The 1970s were a decade of tumultuous change: America weathered Watergate and an energy crisis; saw the rise of environmentalism, feminism, and the gay rights movement; amused itself with pet rocks, disco, and macramé; and flirted with the metric system. Some of these trends and topics swept the Carleton community like any passing fad—hotly debated and then quickly forgotten—but a surprising number of the events and forces that emerged a half century ago left indelible marks on the campus community. Here, an incomplete history.


Green Acres

Carleton, 1970s

Concerns about pollution, population growth, and energy use began to concern average Americans in the 1970s, eventually transforming into the modern environmental movement. As the first Earth Day celebration neared in April 1970, an ad published in the Carletonian asked students to submit slogans highlighting the “importance and urgency of checking population growth—to the environment, to quality of life, to world peace.” One example: “Whatever Your Cause, It’s a Lost Cause Unless We Control Population.” (Since 1970 the world’s population has roughly doubled.)

Interest in land conservation led Carleton to transform 10 acres of farmland adjacent to the campus into what would become Hillside Prairie.

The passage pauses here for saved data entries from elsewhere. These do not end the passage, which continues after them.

(* Let $U_3=(|0\rangle\langle0|\otimes I_2+|1\rangle\langle1|\otimes\sigma_1)\otimes I_2-2\,|1\rangle\langle1|\otimes|0\rangle\langle1|\otimes|1\rangle\langle1|$ and $U_6=(T_{AC}\otimes (I_2)_B)(H\otimes I_2\otimes I_2)U_3$, which equals $$\tfrac{1}{\sqrt2}\Big[|0\rangle\langle0|\otimes I_2\otimes I_2+|0\rangle\langle1|\otimes(\sigma_1\otimes I_2-2|0\rangle\langle1|\otimes|1\rangle\langle1|)+|1\rangle\langle0|\otimes I_2\otimes\sigma_1+|1\rangle\langle1|\otimes(2|0\rangle\langle1|\otimes|0\rangle\langle1|-\sigma_1\otimes\sigma_1)\Big].$$ Then $\mathrm{sr}(U_6)=6$.
   Context: $I_2$ is the $2\times 2$ identity, $\sigma_1=\begin{bmatrix}0&1\\1&0\end{bmatrix}$, $H=\frac{1}{\sqrt2}\begin{bmatrix}1&1\\1&-1\end{bmatrix}$, $\{|0\rangle,|1\rangle\}$ the standard basis of $\mathbb{C}^2$. $T=|0\rangle\langle0|\otimes I_2+|1\rangle\langle1|\otimes\sigma_1$ is the CNOT gate; $T_{AC}\otimes(I_2)_B$ denotes $T$ with control qubit $A$ and target qubit $C$, acting as identity on $B$. Tensor factors are ordered $A\otimes B\otimes C$. For a matrix $U$ on $\mathbb{C}^2\otimes\mathbb{C}^2\otimes\mathbb{C}^2$ (systems $A,B,C$), its Schmidt rank $\mathrm{sr}(U)$ is the least integer $r$ such that $U=\sum_{j=1}^r A_j\otimes B_j\otimes C_j$ with $A_j,B_j,C_j$ complex $2\times 2$ matrices (i.e. the tensor rank of $U$). *)

theory Defs
  imports Complex_Main
begin

text \<open>Qubit basis states are indexed by bool: False = |0>, True = |1>.
  A 2x2 complex matrix is a function bool => bool => complex (row, column).
  An operator on C^2 (x) C^2 (x) C^2 (systems A,B,C in this order) is a
  function on triples of basis indices (a,b,c).\<close>

type_synonym mat2 = "bool \<Rightarrow> bool \<Rightarrow> complex"
type_synonym op3 = "bool \<times> bool \<times> bool \<Rightarrow> bool \<times> bool \<times> bool \<Rightarrow> complex"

A student who was interested in water pollution conducted a study of Lyman Lakes and found that they were filled with E. coli from upstream sewers, including a handful connected to college buildings. Campus maintenance workers ultimately remedied the problem.

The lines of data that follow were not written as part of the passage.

(* Let $L$ be an even hyperbolic lattice and $M$ an even negative definite lattice, and view $\mathbb H_L$ as the subset of $\mathbb H_{L\oplus M}$ consisting of vectors with zero projection onto $M\otimes\mathbb R$. Then there are chambers $\mathcal D_L$ of $L$ and $\mathcal D_{L\oplus M}$ of $L\oplus M$ such that $\overline{\mathcal D_L}=\overline{\mathcal D_{L\oplus M}}\cap\mathbb H_L$ (closures taken in $\mathbb H_L$, resp. $\mathbb H_{L\oplus M}$).
   Context: All lattices are even: a lattice is a free $\mathbb Z$-module $L$ of finite rank with a non-degenerate symmetric bilinear form $(x.y)\in\mathbb Z$ such that $x^2:=(x.x)$ is even for all $x$. $L$ is hyperbolic if its signature is $(1,\mathrm{rk}L-1)$. A root is a vector $r\in L$ with $r^2=-2$. For hyperbolic $L$, fix a connected component $\mathcal P_L$ of $\{x\in L\otimes\mathbb R: x^2>0\}$ and let $\mathbb H_L=\{x\in\mathcal P_L: x^2=1\}$ (for $L\oplus M$ take the component containing $\mathcal P_L$). The chambers are the connected components of $\mathbb H_L\setminus\bigcup_r r^\perp$ (union over all roots $r$ of $L$). *)

theory Defs
  imports "HOL-Analysis.Analysis"
begin

text \<open>A lattice of rank n is given by its Gram matrix G (integer n x n matrix) w.r.t. a
  Z-basis; L is identified with the integer vectors of real^'n, and L \<otimes> R with real^'n.\<close>

definition bil :: "int^'n^'n \<Rightarrow> real^'n \<Rightarrow> real^'n \<Rightarrow> real" where
  "bil G x y = (\<Sum>i\<in>UNIV. \<Sum>j\<in>UNIV. x$i * real_of_int (G$i$j) * y$j)"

Students who wanted to learn about natural history, meanwhile, commandeered the Farm House. Residents grew vegetables, spun wool, and — on occasion — tanned animal skins. Even on the Carleton campus, it was a unique place: “It is not unusual to find dead birds in the refrigerator and collections of skulls adorning the mantels,” observed the Carletonian.

Not to be outdone by other schools that were celebrating the first Earth Day, Carls marked the environmental celebration with a full week of activities and events that drew national attention. Three students appeared on the Today Show with host Hugh Downs to tout the week’s focus on all things environmental.

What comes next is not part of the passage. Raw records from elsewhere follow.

lemma Pow_nat_lepoll_I_str_T1:
  assumes D: "total_clone D" and DL: "D \<subseteq> Lin" and DT: "D \<subseteq> T True"
  shows "(UNIV :: nat set set) \<lesssim> I_str D"
proof (rule Pow_nat_lepoll_I_str_weight_slices[OF D DL, where N = "slice_dim 0" and w = "block_size 0"])
  fix k
  show "2 \<le> block_size 0 k" "block_size 0 k + 2 \<le> slice_dim 0 k"
    using three_block_size_le_slice_dim[of 0 k] block_size_ge_2[of 0 k] by simp_all
next
  fix k j gs
  assume gs: "clone_tuple D (slice_dim 0 k) (slice_dim 0 j) gs"
    and "\<forall>x\<in>weight_slice (slice_dim 0 k) (block_size 0 k).
      tuple_apply gs (slice_dim 0 j) x \<in> weight_slice (slice_dim 0 j) (block_size 0 j)"
  with clone_tuple_affine[OF DL gs] clone_tuple_T[OF DT gs] show "j = k"
    using T1_slice_map_index_le T1_slice_map_index_ge by (meson antisym)
next
  fix n j gs
  assume "1 \<le> n" "clone_tuple D n (slice_dim 0 j) gs"
  then have "tuple_apply gs (slice_dim 0 j) (replicate n True) = replicate (slice_dim 0 j) True"
    using clone_tuple_T[OF DT] by blast
  moreover have "block_size 0 j < slice_dim 0 j"
    using three_block_size_le_slice_dim[of 0 j] block_size_ge_2[of 0 j] by simp
  ultimately show "\<exists>x. length x = n \<and> tuple_apply gs (slice_dim 0 j) x
      \<notin> weight_slice (slice_dim 0 j) (block_size 0 j)"
    by (metis length_replicate replicate_True_notin_weight_slice)
qed

lemma Pow_nat_lepoll_I_str_S:
  assumes D: "total_clone D" and DL: "D \<subseteq> Lin" and DS: "D \<subseteq> S"
  shows "(UNIV :: nat set set) \<lesssim> I_str D"
proof (rule Pow_nat_lepoll_I_str_weight_slices[OF D DL, where N = "slice_dim 1" and w = "block_size 1"])
  fix k
  show "2 \<le> block_size 1 k" "block_size 1 k + 2 \<le> slice_dim 1 k"
    using three_block_size_le_slice_dim[of 1 k] block_size_ge_2[of 1 k] by simp_all
next
  fix k j gs
  assume gs: "clone_tuple D (slice_dim 1 k) (slice_dim 1 j) gs"
    and "\<forall>x\<in>weight_slice (slice_dim 1 k) (block_size 1 k).
      tuple_apply gs (slice_dim 1 j) x \<in> weight_slice (slice_dim 1 j) (block_size 1 j)"
  moreover have "\<forall>x. length x = slice_dim 1 k \<longrightarrow>
      tuple_apply gs (slice_dim 1 j) (map Not x) = map Not (tuple_apply gs (slice_dim 1 j) x)"
    using clone_tuple_S[OF DS gs] by blast
  ultimately show "j = k"
    using clone_tuple_affine[OF DL gs] S_slice_map_index_le S_slice_map_index_ge by (meson antisym)
next
  fix n j gs
  assume "1 \<le> n" and gs: "clone_tuple D n (slice_dim 1 j) gs"
  let ?y = "tuple_apply gs (slice_dim 1 j) (replicate n False)"
  have "tuple_apply gs (slice_dim 1 j) (map Not (replicate n False)) = map Not ?y"
    using clone_tuple_S[OF DS gs, of "replicate n False"] by simp
  moreover have "slice_dim 1 j \<noteq> 2 * block_size 1 j"
    using three_block_size_le_slice_dim[of 1 j] block_size_ge_2[of 1 j] by simp
  ultimately show "\<exists>x. length x = n \<and> tuple_apply gs (slice_dim 1 j) x
      \<notin> weight_slice (slice_dim 1 j) (block_size 1 j)"
    using map_Not_in_weight_slice[of ?y] by (metis length_map length_replicate)
qed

A recycling movement also began to take root on campus. Suggested tips from an article published in the Carletonian: Don’t buy beverages in one-way containers (“no deposit, no return”); use as little tinfoil as possible; save water by putting bricks in the tank of your toilet; walk whenever possible. “Do you really need an electric can opener?” the article asked. “An electric carving knife? A refrigerator in your dormitory room?”

Carleton, 1970s

Perhaps the most lasting environmental legacy of the 1970s, however, was the Japanese Garden. Conceived by religion and Asian studies professor Bardwell Smith and designed by a young architect named David Slawson, the garden was built as a haven for reflection and relaxation, and featured pebbles from Lake Superior, American arborvitae, a teahouse-style shelter, and two stone lanterns. It was completed in 1976.


Voices of Protest

The Vietnam War spawned sit-ins and marches across college campuses in the late 1960s

The Vietnam War spawned sit-ins and marches across college campuses in the late 1960s, and the killing of four student protesters at Kent State University by the Ohio National Guard on May 4, 1970, fanned those heated protests into a wildfire. Galvanized by the shootings and shocked by President Richard Nixon’s plans to bomb Cambodia, hundreds of Carls refused to attend classes. Kenny Bowen ’72 silk-screened dozens of T-shirts with the STRIKE logo and distributed them to fellow students. A handful of Carls then decided to organize a protest in front of the main draft-induction center in Minneapolis. “We knew we had to do something,” Kai Bird ’73 recalled in an online interview published in 2016.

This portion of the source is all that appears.